The built-in debugger is underrated for AI work. Drop breakpoint() into your training loop and inspect tensors interactively.

python
def training_step(model, batch, criterion, optimizer):
    inputs, labels = batch
    outputs = model(inputs)
    loss = criterion(outputs, labels)

    if loss.item() > 100 or torch.isnan(loss):
        breakpoint()

    loss.backward()
    optimizer.step()

When the debugger drops you in, useful commands:

  • p outputs.shape to check shapes
  • p loss.item() to see the loss value
  • p torch.isnan(outputs).sum() to count NaNs
  • p model.fc1.weight.grad to check gradients
  • c to continue, q to quit

This is conditional debugging. You only stop when something looks wrong. For a 10,000-step training run, that matters.

Part 3: Python Logging

Replace print statements with logging when your debugging goes beyond a quick check.

python
import logging

logging.basicConfig(
    level=logging.INFO,
    format="%(asctime)s [%(levelname)s] %(message)s",
    handlers=[
        logging.FileHandler("training.log"),
        logging.StreamHandler()
    ]
)
logger = logging.getLogger(__name__)

logger.info("Starting training: lr=%.4f, batch_size=%d", lr, batch_size)
logger.warning("Loss spike detected: %.4f at step %d", loss.item(), step)
logger.error("NaN loss at step %d, stopping", step)
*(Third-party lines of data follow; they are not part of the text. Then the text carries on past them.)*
(* Let $q>p-1$, and let $\Sigma_q\subseteq(0,+\infty)$ be the set of $\lambda>0$ for which $(\mathcal E_\lambda)$ admits a weak solution. Assume $\inf\Sigma_q=0$. Then for any choice of weak solutions $u_\lambda$ of $(\mathcal E_\lambda)$, $\lambda\in\Sigma_q$, one has $\|u_\lambda\|_{L^\infty(\Omega)}\to+\infty$ as $\lambda\to0$, $\lambda\in\Sigma_q$.
   Context: Standing setting: $\Omega\subset\mathbb R^d$, $d\ge2$, bounded regular domain; $s\in(0,1)$, $p\in(1,\infty)$; $\langle(-\Delta)^s_pu,\phi\rangle=\int_{\mathbb R^{2d}}\frac{|u(x)-u(y)|^{p-2}(u(x)-u(y))(\phi(x)-\phi(y))}{|x-y|^{d+sp}}$; $W^{s,p}_0(\Omega)$ = functions in $L^p(\mathbb R^d)$ vanishing a.e. off $\Omega$ with finite seminorm $\big(\int_{\mathbb R^{2d}}\frac{|u(x)-u(y)|^p}{|x-y|^{d+sp}}\big)^{1/p}$. Parameters $r>p-1$; $b\in L^\infty(\Omega)$, $b\ge0$, $b\not\equiv0$, $b^{-1}(\{0\})=\overline{\Omega_0}$ with $\Omega_0\subset\Omega$ a $C^{1,1}$ open set, $|\Omega_0|>0$. Problem $(\mathcal E_\lambda)$: $(-\Delta)^s_pu=\lambda u^q-bu^r$ in $\Omega$, $u=0$ off $\Omega$, $u>0$ in $\Omega$; a weak solution is a positive $u\in W^{s,p}_0(\Omega)$ with $\langle(-\Delta)^s_pu,\phi\rangle=\int_\Omega(\lambda u^q-bu^r)\phi$ for all $\phi\in W^{s,p}_0(\Omega)$. *)

theory Defs
  imports "HOL-Analysis.Analysis" "HOL-Probability.Essential_Supremum"
begin

text \<open>Open sets of class C^{1,1}: near every boundary point the set is, in suitable
  orthonormal coordinates (unit direction e), the strict epigraph of a C^{1,1} function
  of the d-1 variables orthogonal to e (g is evaluated on the orthogonal projection).\<close>
definition C11_open :: "'a::euclidean_space set \<Rightarrow> bool" where
  "C11_open U \<longleftrightarrow> open U \<and>
     (\<forall>z\<in>frontier U. \<exists>r>0. \<exists>e::'a. norm e = 1 \<and>
        (\<exists>(g::'a \<Rightarrow> real) (G::'a \<Rightarrow> 'a) (L::real).
           (\<forall>x. (g has_derivative (\<lambda>h. G x \<bullet> h)) (at x)) \<and>
           L-lipschitz_on UNIV G \<and>
           U \<inter> ball z r = {x \<in> ball z r. x \<bullet> e > g (x - (x \<bullet> e) *\<^sub>R e)}))"

definition gagliardo :: "real \<Rightarrow> real \<Rightarrow> ('a::euclidean_space \<Rightarrow> real) \<Rightarrow> ennreal" where
  "gagliardo s p u =
     (\<integral>\<^sup>+ z. ennreal (\<bar>u (fst z) - u (snd z)\<bar> powr p
                 / norm (fst z - snd z) powr (real DIM('a) + s * p)) \<partial>(lebesgue \<Otimes>\<^sub>M lebesgue))"

definition W0 :: "real \<Rightarrow> real \<Rightarrow> 'a::euclidean_space set \<Rightarrow> ('a \<Rightarrow> real) set" where
  "W0 s p \<Omega> = {u. u \<in> borel_measurable lebesgue \<and>
                  integrable lebesgue (\<lambda>x. \<bar>u x\<bar> powr p) \<and>
                  (AE x in lebesgue. x \<notin> \<Omega> \<longrightarrow> u x = 0) \<and>
                  gagliardo s p u < \<infinity>}"

definition frac_pLap :: "real \<Rightarrow> real \<Rightarrow> ('a::euclidean_space \<Rightarrow> real) \<Rightarrow> ('a \<Rightarrow> real) \<Rightarrow> real" where
  "frac_pLap s p u \<phi> =
     (\<integral> z. \<bar>u (fst z) - u (snd z)\<bar> powr (p - 2) * (u (fst z) - u (snd z))
            * (\<phi> (fst z) - \<phi> (snd z))
            / norm (fst z - snd z) powr (real DIM('a) + s * p) \<partial>(lebesgue \<Otimes>\<^sub>M lebesgue))"

definition weak_sol ::
  "real \<Rightarrow> real \<Rightarrow> real \<Rightarrow> real \<Rightarrow> ('a::euclidean_space \<Rightarrow> real) \<Rightarrow> 'a set \<Rightarrow> real \<Rightarrow> ('a \<Rightarrow> real) \<Rightarrow> bool" where
  "weak_sol s p q r b \<Omega> lam u \<longleftrightarrow>
     u \<in> W0 s p \<Omega> \<and> (AE x in lebesgue. x \<in> \<Omega> \<longrightarrow> u x > 0) \<and>
     (\<forall>\<phi>\<in>W0 s p \<Omega>.
        set_integrable lebesgue \<Omega> (\<lambda>x. (lam * u x powr q - b x * u x powr r) * \<phi> x) \<and>
        frac_pLap s p u \<phi> = (LINT x:\<Omega>|lebesgue. (lam * u x powr q - b x * u x powr r) * \<phi> x))"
Logging gives you timestamps, severity levels, and file output. When a training run fails at 3 AM, you want a log file, not terminal output that scrolled off screen.

Part 4: Timing Code Sections

Knowing where time goes is the first step to optimization.

python
import time

class Timer:
    def __init__(self, name=""):
        self.name = name

    def __enter__(self):
        self.start = time.perf_counter()
        return self

    def __exit__(self, *args):
        elapsed = time.perf_counter() - self.start
        print(f"[{self.name}] {elapsed:.4f}s")

with Timer("data loading"):
    batch = next(dataloader_iter)

with Timer("forward pass"):
    outputs = model(batch)

with Timer("backward pass"):
    loss.backward()

Common finding: data loading takes 60% of training time. The fix is num_workers > 0 in your DataLoader, not a faster GPU.

Part 5: cProfile and line_profiler

When you need more than manual timers:

bash
python -m cProfile -s cumtime train.py

This shows every function call sorted by cumulative time. For line-by-line profiling:

bash
pip install line_profiler
python
@profile
def train_step(model, data, target):
    output = model(data)
    loss = F.cross_entropy(output, target)
    loss.backward()
    return loss

# Run with: kernprof -l -v train.py

Part 6: Memory Profiling

CPU Memory with tracemalloc

python
import tracemalloc

tracemalloc.start()

# your code here
model = build_model()
data = load_dataset()

snapshot = tracemalloc.take_snapshot()
top_stats = snapshot.statistics("lineno")
for stat in top_stats[:10]:
    print(stat)

CPU Memory with memory_profiler

bash
pip install memory_profiler
python
from memory_profiler import profile

@profile
def load_data():
    raw = read_csv("data.csv")       # watch memory jump here
    processed = preprocess(raw)       # and here
    return processed

Run with python -m memory_profiler your_script.py to see line-by-line memory usage.

GPU Memory with PyTorch

python
import torch

if torch.cuda.is_available():
    print(torch.cuda.memory_summary())

    print(f"Allocated: {torch.cuda.memory_allocated() / 1e9:.2f} GB")
    print(f"Cached: {torch.cuda.memory_reserved() / 1e9:.2f} GB")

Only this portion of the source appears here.